Exercise description -
Output only the lines of the entries that follow, starting at the one with "(subst Min_gr_iff) auto" and running down to the one with "obtain d0 where", both included and unchanged.

[Stored items]
======

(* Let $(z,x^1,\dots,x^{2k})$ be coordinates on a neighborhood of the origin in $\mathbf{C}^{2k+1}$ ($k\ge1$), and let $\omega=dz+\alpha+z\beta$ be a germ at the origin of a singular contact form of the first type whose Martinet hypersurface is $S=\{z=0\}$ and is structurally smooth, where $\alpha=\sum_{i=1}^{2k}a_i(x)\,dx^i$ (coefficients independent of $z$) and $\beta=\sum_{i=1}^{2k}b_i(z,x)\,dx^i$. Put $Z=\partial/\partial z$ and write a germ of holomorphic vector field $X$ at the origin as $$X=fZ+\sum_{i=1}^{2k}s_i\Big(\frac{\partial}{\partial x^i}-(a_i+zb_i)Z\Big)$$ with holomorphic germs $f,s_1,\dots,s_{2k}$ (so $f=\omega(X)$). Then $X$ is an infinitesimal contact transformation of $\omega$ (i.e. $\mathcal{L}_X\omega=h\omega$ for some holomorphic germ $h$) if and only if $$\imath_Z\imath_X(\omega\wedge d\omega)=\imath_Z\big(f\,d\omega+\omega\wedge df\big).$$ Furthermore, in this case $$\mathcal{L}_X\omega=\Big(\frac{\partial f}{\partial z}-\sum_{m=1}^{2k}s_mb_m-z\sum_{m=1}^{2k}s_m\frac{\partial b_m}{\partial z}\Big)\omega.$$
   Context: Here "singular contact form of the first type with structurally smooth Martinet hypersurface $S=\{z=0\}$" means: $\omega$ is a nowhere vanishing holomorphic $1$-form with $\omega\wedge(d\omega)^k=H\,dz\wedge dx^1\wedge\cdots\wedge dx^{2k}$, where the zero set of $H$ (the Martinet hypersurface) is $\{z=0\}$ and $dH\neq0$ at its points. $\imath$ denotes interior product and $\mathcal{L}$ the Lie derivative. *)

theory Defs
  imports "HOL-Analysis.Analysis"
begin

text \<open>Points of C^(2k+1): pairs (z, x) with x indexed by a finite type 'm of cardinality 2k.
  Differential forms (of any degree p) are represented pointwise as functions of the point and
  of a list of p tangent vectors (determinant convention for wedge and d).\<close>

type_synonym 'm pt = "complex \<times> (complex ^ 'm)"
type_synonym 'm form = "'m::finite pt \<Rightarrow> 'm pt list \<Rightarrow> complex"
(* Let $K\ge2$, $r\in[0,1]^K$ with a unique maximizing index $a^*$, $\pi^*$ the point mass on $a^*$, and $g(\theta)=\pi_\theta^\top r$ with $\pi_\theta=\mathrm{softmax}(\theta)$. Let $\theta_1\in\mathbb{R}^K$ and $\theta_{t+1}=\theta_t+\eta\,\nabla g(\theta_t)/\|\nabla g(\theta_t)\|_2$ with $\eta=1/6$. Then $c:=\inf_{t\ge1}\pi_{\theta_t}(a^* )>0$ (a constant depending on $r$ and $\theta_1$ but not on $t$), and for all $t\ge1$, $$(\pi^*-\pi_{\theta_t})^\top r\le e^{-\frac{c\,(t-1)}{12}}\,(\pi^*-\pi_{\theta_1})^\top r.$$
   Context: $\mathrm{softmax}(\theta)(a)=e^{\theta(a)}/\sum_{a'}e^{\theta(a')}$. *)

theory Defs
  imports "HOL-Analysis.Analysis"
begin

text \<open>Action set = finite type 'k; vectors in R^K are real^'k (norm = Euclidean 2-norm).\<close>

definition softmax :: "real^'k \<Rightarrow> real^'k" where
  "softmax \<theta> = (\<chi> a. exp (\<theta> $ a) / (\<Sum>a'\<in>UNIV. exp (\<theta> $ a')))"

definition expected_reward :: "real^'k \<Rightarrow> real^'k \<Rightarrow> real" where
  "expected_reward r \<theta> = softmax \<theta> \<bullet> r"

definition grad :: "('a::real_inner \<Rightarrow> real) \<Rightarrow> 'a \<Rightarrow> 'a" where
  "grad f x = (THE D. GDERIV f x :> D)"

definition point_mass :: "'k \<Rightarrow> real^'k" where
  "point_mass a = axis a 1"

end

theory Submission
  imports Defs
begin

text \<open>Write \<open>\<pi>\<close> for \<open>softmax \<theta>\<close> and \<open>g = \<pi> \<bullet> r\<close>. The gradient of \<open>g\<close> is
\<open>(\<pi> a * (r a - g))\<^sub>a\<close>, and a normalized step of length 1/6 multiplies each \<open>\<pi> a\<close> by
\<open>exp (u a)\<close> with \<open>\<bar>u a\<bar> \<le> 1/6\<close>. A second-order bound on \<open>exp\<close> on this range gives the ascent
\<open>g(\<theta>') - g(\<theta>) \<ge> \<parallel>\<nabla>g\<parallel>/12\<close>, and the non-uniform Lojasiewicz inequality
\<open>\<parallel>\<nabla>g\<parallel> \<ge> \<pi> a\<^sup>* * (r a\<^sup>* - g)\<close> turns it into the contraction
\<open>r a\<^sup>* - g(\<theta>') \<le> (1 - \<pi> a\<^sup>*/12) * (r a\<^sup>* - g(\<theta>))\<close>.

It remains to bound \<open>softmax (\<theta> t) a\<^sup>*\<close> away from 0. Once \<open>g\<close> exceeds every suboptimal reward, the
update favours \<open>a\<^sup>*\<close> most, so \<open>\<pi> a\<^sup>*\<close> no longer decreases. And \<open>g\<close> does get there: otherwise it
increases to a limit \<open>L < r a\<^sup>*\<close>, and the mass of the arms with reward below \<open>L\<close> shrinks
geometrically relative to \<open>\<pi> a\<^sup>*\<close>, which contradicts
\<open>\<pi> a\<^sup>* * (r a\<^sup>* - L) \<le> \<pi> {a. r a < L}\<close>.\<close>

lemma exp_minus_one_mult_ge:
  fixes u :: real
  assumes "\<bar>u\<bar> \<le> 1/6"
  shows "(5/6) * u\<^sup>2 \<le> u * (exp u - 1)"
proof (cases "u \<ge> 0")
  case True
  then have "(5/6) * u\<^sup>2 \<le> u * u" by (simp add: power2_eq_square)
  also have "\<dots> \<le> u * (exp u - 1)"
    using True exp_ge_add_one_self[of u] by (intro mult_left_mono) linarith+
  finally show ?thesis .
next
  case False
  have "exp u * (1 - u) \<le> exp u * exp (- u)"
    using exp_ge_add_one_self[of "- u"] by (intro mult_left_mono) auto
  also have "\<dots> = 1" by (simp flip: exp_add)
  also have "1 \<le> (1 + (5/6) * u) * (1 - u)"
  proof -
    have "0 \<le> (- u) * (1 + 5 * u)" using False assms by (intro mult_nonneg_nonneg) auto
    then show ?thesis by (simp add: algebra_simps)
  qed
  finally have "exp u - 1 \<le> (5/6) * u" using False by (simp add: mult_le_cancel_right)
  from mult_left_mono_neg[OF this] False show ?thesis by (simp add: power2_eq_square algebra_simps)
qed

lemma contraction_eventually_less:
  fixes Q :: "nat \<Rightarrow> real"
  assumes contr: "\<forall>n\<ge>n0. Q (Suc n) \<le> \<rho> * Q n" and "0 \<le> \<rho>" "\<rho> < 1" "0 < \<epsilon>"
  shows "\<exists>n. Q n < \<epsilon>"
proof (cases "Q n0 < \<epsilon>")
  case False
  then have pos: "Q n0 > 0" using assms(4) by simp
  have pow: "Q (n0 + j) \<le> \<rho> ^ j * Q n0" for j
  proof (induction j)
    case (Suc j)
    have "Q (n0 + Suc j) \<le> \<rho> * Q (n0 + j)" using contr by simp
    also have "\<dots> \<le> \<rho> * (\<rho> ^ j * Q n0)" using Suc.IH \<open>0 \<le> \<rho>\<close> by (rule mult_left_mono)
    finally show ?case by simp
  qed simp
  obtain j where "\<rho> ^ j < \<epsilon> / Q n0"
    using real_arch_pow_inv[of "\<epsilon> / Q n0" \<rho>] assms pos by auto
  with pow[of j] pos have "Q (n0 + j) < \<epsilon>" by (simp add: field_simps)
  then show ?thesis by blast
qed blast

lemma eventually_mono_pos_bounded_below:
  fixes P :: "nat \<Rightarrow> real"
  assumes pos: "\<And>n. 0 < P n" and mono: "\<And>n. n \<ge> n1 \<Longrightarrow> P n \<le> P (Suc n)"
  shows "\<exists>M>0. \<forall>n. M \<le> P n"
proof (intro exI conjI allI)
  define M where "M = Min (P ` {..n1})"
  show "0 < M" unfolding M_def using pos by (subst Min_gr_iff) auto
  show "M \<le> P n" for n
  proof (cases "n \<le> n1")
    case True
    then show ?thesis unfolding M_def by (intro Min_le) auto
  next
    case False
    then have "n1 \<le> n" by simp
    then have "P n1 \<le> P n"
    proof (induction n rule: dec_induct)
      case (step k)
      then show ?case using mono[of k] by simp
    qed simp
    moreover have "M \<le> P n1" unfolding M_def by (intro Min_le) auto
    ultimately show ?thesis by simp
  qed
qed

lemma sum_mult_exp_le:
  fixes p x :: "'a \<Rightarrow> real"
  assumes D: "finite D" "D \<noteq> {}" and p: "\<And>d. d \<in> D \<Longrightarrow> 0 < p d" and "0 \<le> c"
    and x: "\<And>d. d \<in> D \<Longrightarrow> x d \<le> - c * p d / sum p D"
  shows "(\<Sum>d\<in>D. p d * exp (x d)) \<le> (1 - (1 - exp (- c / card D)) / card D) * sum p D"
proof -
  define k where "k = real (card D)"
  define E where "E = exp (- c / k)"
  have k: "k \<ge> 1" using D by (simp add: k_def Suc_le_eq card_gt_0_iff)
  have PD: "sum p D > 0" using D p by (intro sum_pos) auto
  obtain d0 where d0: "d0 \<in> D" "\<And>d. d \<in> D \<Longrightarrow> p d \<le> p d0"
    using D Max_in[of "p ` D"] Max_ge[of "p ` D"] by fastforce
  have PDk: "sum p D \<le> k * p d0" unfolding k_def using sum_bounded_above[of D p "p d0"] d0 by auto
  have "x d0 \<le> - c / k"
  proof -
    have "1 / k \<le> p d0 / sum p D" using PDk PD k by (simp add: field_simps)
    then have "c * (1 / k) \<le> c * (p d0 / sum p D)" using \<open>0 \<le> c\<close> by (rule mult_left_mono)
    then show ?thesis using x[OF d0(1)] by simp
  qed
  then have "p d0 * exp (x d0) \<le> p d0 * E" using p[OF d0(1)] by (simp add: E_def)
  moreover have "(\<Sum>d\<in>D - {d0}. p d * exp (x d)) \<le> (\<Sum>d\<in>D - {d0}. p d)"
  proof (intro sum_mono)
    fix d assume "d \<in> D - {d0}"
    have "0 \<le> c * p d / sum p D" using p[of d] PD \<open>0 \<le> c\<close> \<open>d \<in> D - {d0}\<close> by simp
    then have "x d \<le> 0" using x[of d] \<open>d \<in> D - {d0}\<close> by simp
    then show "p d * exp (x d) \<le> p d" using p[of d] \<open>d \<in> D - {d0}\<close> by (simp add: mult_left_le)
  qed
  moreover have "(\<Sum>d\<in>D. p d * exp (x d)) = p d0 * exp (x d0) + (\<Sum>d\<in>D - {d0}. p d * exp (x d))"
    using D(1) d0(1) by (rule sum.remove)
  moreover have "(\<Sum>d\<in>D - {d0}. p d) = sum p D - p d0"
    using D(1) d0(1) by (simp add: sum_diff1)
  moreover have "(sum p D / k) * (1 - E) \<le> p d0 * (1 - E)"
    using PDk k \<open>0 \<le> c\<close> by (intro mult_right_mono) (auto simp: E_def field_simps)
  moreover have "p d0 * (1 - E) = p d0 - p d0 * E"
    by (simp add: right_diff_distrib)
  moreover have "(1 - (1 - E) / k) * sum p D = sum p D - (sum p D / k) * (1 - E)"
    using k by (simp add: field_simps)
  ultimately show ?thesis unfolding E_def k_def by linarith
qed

======

Answer to the exercise -
  show "0 < M" unfolding M_def using pos by (subst Min_gr_iff) auto
  show "M \<le> P n" for n
  proof (cases "n \<le> n1")
    case True
    then show ?thesis unfolding M_def by (intro Min_le) auto
  next
    case False
    then have "n1 \<le> n" by simp
    then have "P n1 \<le> P n"
    proof (induction n rule: dec_induct)
      case (step k)
      then show ?case using mono[of k] by simp
    qed simp
    moreover have "M \<le> P n1" unfolding M_def by (intro Min_le) auto
    ultimately show ?thesis by simp
  qed
qed

lemma sum_mult_exp_le:
  fixes p x :: "'a \<Rightarrow> real"
  assumes D: "finite D" "D \<noteq> {}" and p: "\<And>d. d \<in> D \<Longrightarrow> 0 < p d" and "0 \<le> c"
    and x: "\<And>d. d \<in> D \<Longrightarrow> x d \<le> - c * p d / sum p D"
  shows "(\<Sum>d\<in>D. p d * exp (x d)) \<le> (1 - (1 - exp (- c / card D)) / card D) * sum p D"
proof -
  define k where "k = real (card D)"
  define E where "E = exp (- c / k)"
  have k: "k \<ge> 1" using D by (simp add: k_def Suc_le_eq card_gt_0_iff)
  have PD: "sum p D > 0" using D p by (intro sum_pos) auto
  obtain d0 where d0: "d0 \<in> D" "\<And>d. d \<in> D \<Longrightarrow> p d \<le> p d0"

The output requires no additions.